lemma sphere_Int_subspace_three_points:
  fixes S :: "'a::euclidean_space set"
  assumes S: "subspace S" and dim: "dim S \<ge> 2"
  obtains t0 t1 t2 where "t0 \<in> sphere 0 1 \<inter> S" "t1 \<in> sphere 0 1 \<inter> S" "t2 \<in> sphere 0 1 \<inter> S"
    and "t0 \<noteq> t1" "t1 \<noteq> t2" "t0 \<noteq> t2"
proof -
  obtain B where B: "B \<subseteq> S" "pairwise orthogonal B" "\<And>x. x \<in> B \<Longrightarrow> norm x = 1" "card B = dim S"
    using orthonormal_basis_subspace[OF S] by metis
  have "finite B" using B(4) dim by (metis card.infinite not_numeral_le_zero)
  then obtain B2 where "B2 \<subseteq> B" "card B2 = 2"
    using B(4) dim by (metis obtain_subset_with_card_n)
  then obtain e1 e2 where e: "e1 \<in> B" "e2 \<in> B" "e1 \<noteq> e2"
    by (auto simp: card_2_iff)
  have "e1 \<bullet> e1 = 1" "e1 \<bullet> e2 = 0"
    using B(2,3) e by (auto simp: pairwise_def orthogonal_def norm_eq_1)
  then have "e1 \<noteq> - e1" "- e1 \<noteq> e2"
    by (metis inner_minus_right one_neq_neg_one, metis inner_minus_right neg_0_equal_iff_equal zero_neq_one)
  moreover have "e1 \<in> S" "e2 \<in> S" "norm e1 = 1" "norm e2 = 1" using B e by auto
  ultimately show ?thesis
    using that[of e1 "- e1" e2] e(3) S by (auto simp: subspace_neg)
qed

lemma homeomorphic_nsphere_parametrization:
  fixes X :: "'b topology"
  assumes X: "X homeomorphic_space nsphere (p - 1)" and p: "0 < p" "p \<le> DIM('a)"
  obtains S :: "'a::euclidean_space set" and \<phi> where "subspace S" "dim S = p"
    and "continuous_map (top_of_set (sphere 0 1 \<inter> S)) X \<phi>" "inj_on \<phi> (sphere 0 1 \<inter> S)"
proof -
  obtain B :: "'a set" where B: "B \<subseteq> Basis" "card B = p"
    using p(2) by (metis obtain_subset_with_card_n)
  have indB: "independent B" using B(1) independent_Basis independent_mono by blast
  have orthB: "pairwise orthogonal B" using pairwise_subset[OF orthogonal_Basis B(1)] .
  obtain f :: "(nat \<Rightarrow> real) \<Rightarrow> 'a" and g
    where "homeomorphic_maps (nsphere (p - 1)) (top_of_set (sphere 0 1 \<inter> span B)) f g"
    by (rule homeomorphic_maps_nsphere_euclidean_sphere[OF indB orthB B(2)])
       (use p(1) B(1) norm_Basis in auto)
  then have "X homeomorphic_space top_of_set (sphere 0 1 \<inter> span B)"
    using homeomorphic_space_trans[OF X] homeomorphic_space_def by blast
  then obtain \<phi> \<psi> where "homeomorphic_maps (top_of_set (sphere 0 1 \<inter> span B)) X \<phi> \<psi>"
    by (metis homeomorphic_maps_sym homeomorphic_space_def)
  then have "continuous_map (top_of_set (sphere 0 1 \<inter> span B)) X \<phi>"
    and "inj_on \<phi> (sphere 0 1 \<inter> span B)"
    by (auto simp: homeomorphic_maps_def intro: inj_on_inverseI)
  moreover have "dim (span B) = p" using B(2) indB by (simp add: dim_eq_card_independent)
  ultimately show ?thesis using that subspace_span by blast
qed

lemma inj_sphere_map_onto:
  fixes X :: "'a::euclidean_space \<Rightarrow> 'b::euclidean_space"
  assumes S: "subspace S" and P: "subspace P" and dim: "dim S = dim P" "dim P \<ge> 2"
    and contX: "continuous_on (sphere 0 1 \<inter> S) X"
    and injX: "inj_on X (sphere 0 1 \<inter> S)"
    and Xim: "X ` (sphere 0 1 \<inter> S) \<subseteq> sphere 0 1 \<inter> P"
  shows "X ` (sphere 0 1 \<inter> S) = sphere 0 1 \<inter> P"
proof (rule ccontr)
  let ?D = "sphere 0 1 \<inter> S"
  assume "X ` ?D \<noteq> sphere 0 1 \<inter> P"
  with Xim obtain c where c: "c \<in> sphere 0 1 \<inter> P" "c \<notin> X ` ?D" by blast
  obtain T :: "'b set" where T: "affine T" "aff_dim T = int (dim P) - 1"
    and punct: "\<And>c. c \<in> sphere 0 1 \<inter> P \<Longrightarrow> sphere 0 1 \<inter> P - {c} homeomorphic T"
    using punctured_sphere_Int_subspace_homeomorphic_affine [OF P] by blast
  obtain j k where jk: "homeomorphism (sphere 0 1 \<inter> P - {c}) T j k"
    using punct [OF c(1)] homeomorphic_def by blast
  have j: "continuous_on (sphere 0 1 \<inter> P - {c}) j"
    "inj_on j (sphere 0 1 \<inter> P - {c})" "j ` (sphere 0 1 \<inter> P - {c}) = T"
    using homeomorphism_cont1 [OF jk] homeomorphism_image1 [OF jk]
    by (auto intro: inj_on_inverseI [where g = k] homeomorphism_apply1 [OF jk])
  have XD: "X ` ?D \<subseteq> sphere 0 1 \<inter> P - {c}" using Xim c by auto
  have cont: "continuous_on ?D (j \<circ> X)"
    using continuous_on_compose[OF contX continuous_on_subset[OF j(1) XD]] .
  have inj: "inj_on (j \<circ> X) ?D"
    using comp_inj_on[OF injX inj_on_subset[OF j(2) XD]] .
  have im: "(j \<circ> X) ` ?D \<subseteq> T" using j(3) XD by auto
  \<comment> \<open>by invariance of domain the image is open in \<open>T\<close>; being compact, it is also closed\<close>
  have "openin (top_of_set T) ((j \<circ> X) ` ?D)"
    by (rule invariance_of_domain_sphere_affine_set_gen [OF cont inj im, of "cball 0 1 \<inter> S"])
       (use S T dim in \<open>simp_all add: convex_Int subspace_imp_convex bounded_Int
          aff_dim_cball_Int_subspace rel_frontier_cball_Int_subspace\<close>)
  moreover have cpt: "compact ((j \<circ> X) ` ?D)"
    using compact_continuous_image[OF cont] S by (simp add: closed_subspace compact_Int_closed)
  then have "closedin (top_of_set T) ((j \<circ> X) ` ?D)"
    using im by (simp add: closed_subset compact_imp_closed)
  moreover have "?D \<noteq> {}"
    using sphere_Int_subspace_three_points [OF S] dim by (metis empty_iff)
  ultimately have "(j \<circ> X) ` ?D = T"
    using connected_clopen[THEN iffD1, OF convex_connected[OF affine_imp_convex[OF T(1)]]] by blast
  then have "bounded T" using cpt compact_imp_bounded by metis
  then have "aff_dim T \<le> 0" using affine_bounded_eq_lowdim T(1) by blast
  with T dim show False by simp
qed

text \<open>The punctured sphere is an AR, so the map extends to the ball, where Brouwer applies.\<close>

lemma sphere_map_missing_point_has_fixpoint:
  fixes h :: "'a::euclidean_space \<Rightarrow> 'a"
  assumes P: "subspace P" and c: "c \<in> sphere 0 1 \<inter> P"
    and conth: "continuous_on (sphere 0 1 \<inter> P) h"
    and him: "h ` (sphere 0 1 \<inter> P) \<subseteq> sphere 0 1 \<inter> P - {c}"
  obtains x where "x \<in> sphere 0 1 \<inter> P" "h x = x"
proof -
  obtain T :: "'a set" where T: "affine T" "aff_dim T = int (dim P) - 1"
    and punct: "\<And>c. c \<in> sphere 0 1 \<inter> P \<Longrightarrow> sphere 0 1 \<inter> P - {c} homeomorphic T"
    using punctured_sphere_Int_subspace_homeomorphic_affine [OF P] by blast
  have "dim P \<noteq> 0" using c by (auto simp: dim_eq_0)
  then have "T \<noteq> {}" using T(2) by auto
  then have AR: "AR (sphere 0 1 \<inter> P - {c})"
    using AR_homeomorphic_AR [OF convex_imp_AR [OF affine_imp_convex [OF T(1)]] punct [OF c]]
    by (simp add: homeomorphic_sym)
  have "closedin (top_of_set (cball 0 1 \<inter> P)) (sphere 0 1 \<inter> P)"
    by (rule closed_subset) (use P in \<open>auto simp: closed_Int closed_subspace\<close>)
  then obtain H where H: "continuous_on (cball 0 1 \<inter> P) H"
    "H ` (cball 0 1 \<inter> P) \<subseteq> sphere 0 1 \<inter> P - {c}" "\<And>x. x \<in> sphere 0 1 \<inter> P \<Longrightarrow> H x = h x"
    using AR_imp_absolute_extensor [OF AR conth him] by metis
  have "\<exists>x\<in>cball 0 1 \<inter> P. H x = x"
  proof (rule brouwer)
    show "compact (cball 0 1 \<inter> P)" "convex (cball 0 1 \<inter> P)"
      using P by (simp_all add: closed_subspace compact_Int_closed convex_Int subspace_imp_convex)
    show "cball 0 1 \<inter> P \<noteq> {}" using P subspace_0 by force
    show "H \<in> cball 0 1 \<inter> P \<rightarrow> cball 0 1 \<inter> P" using H(2) by auto
  qed (use H(1) in blast)+
  then obtain x where x: "x \<in> cball 0 1 \<inter> P" "H x = x" by blast
  have "H x \<in> sphere 0 1 \<inter> P - {c}" using H(2) imageI[OF x(1)] by (rule subsetD)
  then have "x \<in> sphere 0 1 \<inter> P" using x(2) by simp
  with that H(3) x(2) show ?thesis by metis
qed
==================================================
• **Instructions to follow**
Please tally the lines of the data in which the string "assumes" appears and write only the total.

• **Exercise response**
4